When I say it's not a rational belief, I don't mean that people who hold that belief are utterly irrational. I mean that it is not a belief that is rationally arrived at, or held for rational reasons.
I can agree with this. Until I experienced this phenomena, first hand, I didn't believe in it either. However, once you find yourself at the center of a brilliant star, looking outwards... in all directions, simultaneously... it does tend to make you go, "Hmmm." One of ones first thoughts is, "This can't be real." At the very least, such an experience effectively bends ones idea of what constitutes reality.
No one examines the evidence and deduces the existence of a soul, as you demonstrate yourself.
Indeed. Until I saw it "up close and personal", the "soul" was a fairly amorphous construct in my young mind.
You think the existence of the soul to be necessary within the framework of other beliefs you hold dear -- beliefs that are also not deductions from the evidence. You wish to maintain these beliefs and your understanding of them, so you hold the existence of a soul to be necessary. While this is a rational process within the context of your beliefs, that context itself is arbitrarily chosen, and not rationally arrived at.
Speaking for myself, it wasn't like that at all. The experience literally blew my concept of reality to tiny smithereens. If the truth be told, I realized that what we regard as "real", wasn't as real as it appears to be. Likewise, I also understood that what is regarded as "unreal" was considerably more realistic than I had ever dared imagine. Happily, I was able to mesh the two together by rationalizing that things are, simply put, not what they seem.
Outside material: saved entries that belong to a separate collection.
definition eq_equiv :: "('o, 'm) cat \<Rightarrow> 'm \<times> 'm \<Rightarrow> 'm \<times> 'm \<Rightarrow> bool" where
  "eq_equiv C e e' \<longleftrightarrow> (\<forall>a. solves C a e \<longleftrightarrow> solves C a e')"

definition general_solution :: "('o, 'm) cat \<Rightarrow> 'm \<Rightarrow> ('m \<times> 'm) set \<Rightarrow> bool" where
  "general_solution C v E \<longleftrightarrow> solution C v E \<and>
     (\<forall>a. solution C a E \<longrightarrow> (\<exists>!h. ccod C h = cdom C v \<and> a = cmp C v h))"

definition variety :: "('o, 'm) cat \<Rightarrow> 'u itself \<Rightarrow> 'm \<Rightarrow> bool" where
  "variety C U v \<longleftrightarrow> (\<exists>E A. is_system C U E A \<and> general_solution C v E)"

definition factors :: "('o, 'm) cat \<Rightarrow> 'm \<Rightarrow> 'm \<Rightarrow> bool" where
  "factors C f v \<longleftrightarrow> ccod C f = ccod C v \<and> (\<exists>h. ccod C h = cdom C v \<and> f = cmp C v h)"

definition generates_system ::
    "('o, 'm) cat \<Rightarrow> 'u itself \<Rightarrow> 'm set \<Rightarrow> ('m \<times> 'm) set \<Rightarrow> 'o \<Rightarrow> bool" where
  "generates_system C U S E A \<longleftrightarrow> is_system C U E A \<and> (\<forall>f \<in> S. solution C f E) \<and>
     (\<forall>K. is_system C U K A \<and> (\<forall>f \<in> S. solution C f K) \<longrightarrow> sys_implies C E K)"

definition generates_variety :: "('o, 'm) cat \<Rightarrow> 'u itself \<Rightarrow> 'm set \<Rightarrow> 'm \<Rightarrow> bool" where
  "generates_variety C U S v \<longleftrightarrow> variety C U v \<and> (\<forall>f \<in> S. factors C f v) \<and>
     (\<forall>w. variety C U w \<and> (\<forall>f \<in> S. factors C f w) \<longrightarrow> factors C v w)"

definition complete_wrt_systems :: "('o, 'm) cat \<Rightarrow> 'u itself \<Rightarrow> bool" where
  "complete_wrt_systems C U \<longleftrightarrow>
     (\<forall>S A. S \<noteq> {} \<and> small U S \<and> (\<forall>f \<in> S. ccod C f = A) \<longrightarrow>
        (\<exists>E. generates_system C U S E A))"

definition complete_wrt_varieties :: "('o, 'm) cat \<Rightarrow> 'u itself \<Rightarrow> bool" where
  "complete_wrt_varieties C U \<longleftrightarrow>
     (\<forall>S A. S \<noteq> {} \<and> small U S \<and> (\<forall>f \<in> S. ccod C f = A) \<longrightarrow>
        (\<exists>v. generates_variety C U S v))"

definition equations_small :: "('o, 'm) cat \<Rightarrow> 'u itself \<Rightarrow> bool" where
  "equations_small C U \<longleftrightarrow>
     (\<forall>A. \<exists>R. small U R \<and> (\<forall>(f, g) \<in> R. parallel C f g \<and> cdom C f = A) \<and>
        (\<forall>f g. parallel C f g \<and> cdom C f = A \<longrightarrow> (\<exists>e \<in> R. eq_equiv C (f, g) e)))"

definition has_equalizers :: "('o, 'm) cat \<Rightarrow> bool" where
  "has_equalizers C \<longleftrightarrow>
     (\<forall>f g. parallel C f g \<longrightarrow>
        (\<exists>e. ccod C e = cdom C f \<and> cmp C f e = cmp C g e \<and>
           (\<forall>x. ccod C x = cdom C f \<and> cmp C f x = cmp C g x \<longrightarrow>
              (\<exists>!h. ccod C h = cdom C e \<and> x = cmp C e h))))"

definition has_cokernel_pairs :: "('o, 'm) cat \<Rightarrow> bool" where
  "has_cokernel_pairs C \<longleftrightarrow>
     (\<forall>f. \<exists>p q. parallel C p q \<and> cdom C p = ccod C f \<and> cmp C p f = cmp C q f \<and>
        (\<forall>g h. parallel C g h \<and> cdom C g = ccod C f \<and> cmp C g f = cmp C h f \<longrightarrow>
           (\<exists>!t. cdom C t = ccod C p \<and> cmp C t p = g \<and> cmp C t q = h)))"

definition has_coproducts :: "('o, 'm) cat \<Rightarrow> 'u itself \<Rightarrow> bool" where
  "has_coproducts C (U :: 'u itself) \<longleftrightarrow>
     (\<forall>(I :: 'u set) (X :: 'u \<Rightarrow> 'o). \<exists>Q \<iota>.
        (\<forall>i \<in> I. cdom C (\<iota> i) = X i \<and> ccod C (\<iota> i) = Q) \<and>
        (\<forall>B g. (\<forall>i \<in> I. cdom C (g i) = X i \<and> ccod C (g i) = B) \<longrightarrow>
           (\<exists>!t. cdom C t = Q \<and> ccod C t = B \<and> (\<forall>i \<in> I. cmp C t (\<iota> i) = g i))))"

definition is_poset :: "'u set \<Rightarrow> ('u \<Rightarrow> 'u \<Rightarrow> bool) \<Rightarrow> bool" where
  "is_poset P le \<longleftrightarrow> (\<forall>x \<in> P. le x x) \<and>
     (\<forall>x \<in> P. \<forall>y \<in> P. le x y \<and> le y x \<longrightarrow> x = y) \<and>
     (\<forall>x \<in> P. \<forall>y \<in> P. \<forall>z \<in> P. le x y \<and> le y z \<longrightarrow> le x z)"

definition minimal_in :: "'u set \<Rightarrow> ('u \<Rightarrow> 'u \<Rightarrow> bool) \<Rightarrow> 'u \<Rightarrow> bool" where
  "minimal_in P le x \<longleftrightarrow> x \<in> P \<and> (\<forall>y \<in> P. le y x \<longrightarrow> y = x)"

definition maximal_in :: "'u set \<Rightarrow> ('u \<Rightarrow> 'u \<Rightarrow> bool) \<Rightarrow> 'u \<Rightarrow> bool" where
  "maximal_in P le x \<longleftrightarrow> x \<in> P \<and> (\<forall>y \<in> P. le x y \<longrightarrow> y = x)"

definition special_shape :: "'u set \<Rightarrow> ('u \<Rightarrow> 'u \<Rightarrow> bool) \<Rightarrow> bool" where
  "special_shape P le \<longleftrightarrow> is_poset P le \<and>
     (\<exists>m1 m2. m1 \<noteq> m2 \<and> {x. minimal_in P le x} = {m1, m2} \<and>
        (\<forall>x \<in> P - {m1, m2}. maximal_in P le x \<and> le m1 x \<and> le m2 x))"

definition is_diagram ::
    "('o, 'm) cat \<Rightarrow> 'u set \<Rightarrow> ('u \<Rightarrow> 'u \<Rightarrow> bool) \<Rightarrow> ('u \<Rightarrow> 'o) \<Rightarrow> ('u \<Rightarrow> 'u \<Rightarrow> 'm) \<Rightarrow> bool" where
  "is_diagram C P le D Dm \<longleftrightarrow>
     (\<forall>x \<in> P. \<forall>y \<in> P. le x y \<longrightarrow> cdom C (Dm x y) = D x \<and> ccod C (Dm x y) = D y) \<and>
     (\<forall>x \<in> P. Dm x x = cid C (D x)) \<and>
     (\<forall>x \<in> P. \<forall>y \<in> P. \<forall>z \<in> P. le x y \<and> le y z \<longrightarrow> cmp C (Dm y z) (Dm x y) = Dm x z)"

definition is_cocone ::
    "('o, 'm) cat \<Rightarrow> 'u set \<Rightarrow> ('u \<Rightarrow> 'u \<Rightarrow> bool) \<Rightarrow> ('u \<Rightarrow> 'o) \<Rightarrow> ('u \<Rightarrow> 'u \<Rightarrow> 'm)
       \<Rightarrow> 'o \<Rightarrow> ('u \<Rightarrow> 'm) \<Rightarrow> bool" where
  "is_cocone C P le D Dm B \<mu> \<longleftrightarrow>
     (\<forall>x \<in> P. cdom C (\<mu> x) = D x \<and> ccod C (\<mu> x) = B) \<and>
     (\<forall>x \<in> P. \<forall>y \<in> P. le x y \<longrightarrow> cmp C (\<mu> y) (Dm x y) = \<mu> x)"

definition has_colimit ::
    "('o, 'm) cat \<Rightarrow> 'u set \<Rightarrow> ('u \<Rightarrow> 'u \<Rightarrow> bool) \<Rightarrow> ('u \<Rightarrow> 'o) \<Rightarrow> ('u \<Rightarrow> 'u \<Rightarrow> 'm) \<Rightarrow> bool" where
  "has_colimit C P le D Dm \<longleftrightarrow>
     (\<exists>L lg. is_cocone C P le D Dm L lg \<and>
        (\<forall>B \<mu>. is_cocone C P le D Dm B \<mu> \<longrightarrow>
           (\<exists>!t. cdom C t = L \<and> ccod C t = B \<and> (\<forall>x \<in> P. cmp C t (lg x) = \<mu> x))))"

definition has_special_colimits :: "('o, 'm) cat \<Rightarrow> 'u itself \<Rightarrow> bool" where
  "has_special_colimits C (U :: 'u itself) \<longleftrightarrow>
     (\<forall>(P :: 'u set) le D Dm. special_shape P le \<and> is_diagram C P le D Dm \<longrightarrow>
        has_colimit C P le D Dm)"

end

theory Submission
  imports Defs
begin

text \<open>In every case we exhibit a system E on A whose solutions are exactly the morphisms
  solving all equations on A that S solves. Under (1), E is the set of representatives solved
  by S. Under (2), E is any system presenting the variety v generated by S: an equation solved
  by S has an equalizer, a variety through which S and hence v factors, so v solves it. Under
  (3) and (4) it suffices to find one equation (p, q) solved by S through which every other
  such equation factors by postcomposition: the cokernel pair of the morphism out of the
  coproduct of the domains of S, respectively the colimit gluing the cokernel pairs of the
  members of S along two copies of A.\<close>

lemma infinite_inj_avoiding_two:
  assumes "infinite (UNIV :: 'u set)"
  obtains k :: "'u \<Rightarrow> 'u" and m1 m2 where "inj k" "m1 \<noteq> m2" "m1 \<notin> range k" "m2 \<notin> range k"
proof -
  fix a :: 'u
  obtain h where "bij_betw h (UNIV :: 'u set) (UNIV - {a})"
    using infinite_imp_bij_betw[of "UNIV :: 'u set" a] assms by auto
  then have h: "inj h" "range h = UNIV - {a}" unfolding bij_betw_def by auto
  then have "h a \<notin> range (h \<circ> h)" by (auto simp: inj_eq)
  with h show ?thesis by (intro that[of "h \<circ> h" a "h a"]) (auto simp: inj_compose)
qed

lemma has_coproducts_reindex:
  fixes U :: "'u itself" and K :: "'a set" and X :: "'a \<Rightarrow> 'o"
  assumes coprods: "has_coproducts C U" and "small U K"
  obtains Q \<iota> where "\<forall>k \<in> K. cdom C (\<iota> k) = X k \<and> ccod C (\<iota> k) = Q"
    "\<forall>B g. (\<forall>k \<in> K. cdom C (g k) = X k \<and> ccod C (g k) = B) \<longrightarrow>
       (\<exists>!t. cdom C t = Q \<and> ccod C t = B \<and> (\<forall>k \<in> K. cmp C t (\<iota> k) = g k))"
proof -
  obtain idx :: "'a \<Rightarrow> 'u" where idx: "inj_on idx K" using assms(2) unfolding small_def by blast
  define idx_inv where "idx_inv = inv_into K idx"
  have idx_inv_idx [simp]: "idx_inv (idx k) = k" if "k \<in> K" for k
    using idx that unfolding idx_inv_def by simp
  obtain Q \<iota> where \<iota>: "\<forall>i \<in> idx ` K. cdom C (\<iota> i) = X (idx_inv i) \<and> ccod C (\<iota> i) = Q"
    and coprod: "\<forall>B g. (\<forall>i \<in> idx ` K. cdom C (g i) = X (idx_inv i) \<and> ccod C (g i) = B) \<longrightarrow>
           (\<exists>!t. cdom C t = Q \<and> ccod C t = B \<and> (\<forall>i \<in> idx ` K. cmp C t (\<iota> i) = g i))"
    using coprods[unfolded has_coproducts_def, THEN spec[of _ "idx ` K"],
        THEN spec[of _ "\<lambda>i. X (idx_inv i)"]] by (elim exE conjE)
  show ?thesis
  proof (rule that[of "\<iota> \<circ> idx"])
    show "\<forall>k \<in> K. cdom C ((\<iota> \<circ> idx) k) = X k \<and> ccod C ((\<iota> \<circ> idx) k) = Q" using \<iota> by simp
    show "\<forall>B g. (\<forall>k \<in> K. cdom C (g k) = X k \<and> ccod C (g k) = B) \<longrightarrow>
       (\<exists>!t. cdom C t = Q \<and> ccod C t = B \<and> (\<forall>k \<in> K. cmp C t ((\<iota> \<circ> idx) k) = g k))"
    proof (intro allI impI)
      fix B g assume "\<forall>k \<in> K. cdom C (g k) = X k \<and> ccod C (g k) = B"
      then have "\<forall>i \<in> idx ` K. cdom C (g (idx_inv i)) = X (idx_inv i) \<and> ccod C (g (idx_inv i)) = B"
        by simp
      then have "\<exists>!t. cdom C t = Q \<and> ccod C t = B \<and> (\<forall>i \<in> idx ` K. cmp C t (\<iota> i) = g (idx_inv i))"
        using coprod[rule_format, of "\<lambda>i. g (idx_inv i)" B] by blast
      moreover have "(\<forall>i \<in> idx ` K. cmp C t (\<iota> i) = g (idx_inv i)) \<longleftrightarrow>
          (\<forall>k \<in> K. cmp C t ((\<iota> \<circ> idx) k) = g k)" for t
        by simp
      ultimately show "\<exists>!t. cdom C t = Q \<and> ccod C t = B \<and> (\<forall>k \<in> K. cmp C t ((\<iota> \<circ> idx) k) = g k)"
        by simp
    qed
  qed
qed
That said, I do agree that someone simply deciding to believe in the soul is a bit more than absurd. At best it is an emotional reaction to perceived reality with a dollop of your proverbial wing on a prayer. Sadly, I never equated any religious identifications with my personal view of "soul". Not even slightly. We may as well be describing two separate beasts. Though the experience did give me a few glimpses into the nature of "god", it also simultaneously evaporated any notions held to be true by your garden variety theist in regards to the "soul".
That's what I mean when I say it's not a rational belief -- it is ultimately something that is accepted on the basis of authority or tradition. It is not based on fact or evidence.
Again, I agree. Without the experience, it is all for not, as they cannot, stress on CANNOT, imagine what they are dealing with nor the inherent implications.
That said, I never rule out the possibility that what I have experienced, on hundreds of occasions, is little more than a bizarre delusion - an odd quirk of my psyche. Part of me believes that I MUST maintain the possibility that this is all an illusion - as the day I decide otherwise is the day I really will go off the deep end.
However... it is such a delicious illusion - if, indeed, that is what it truly is.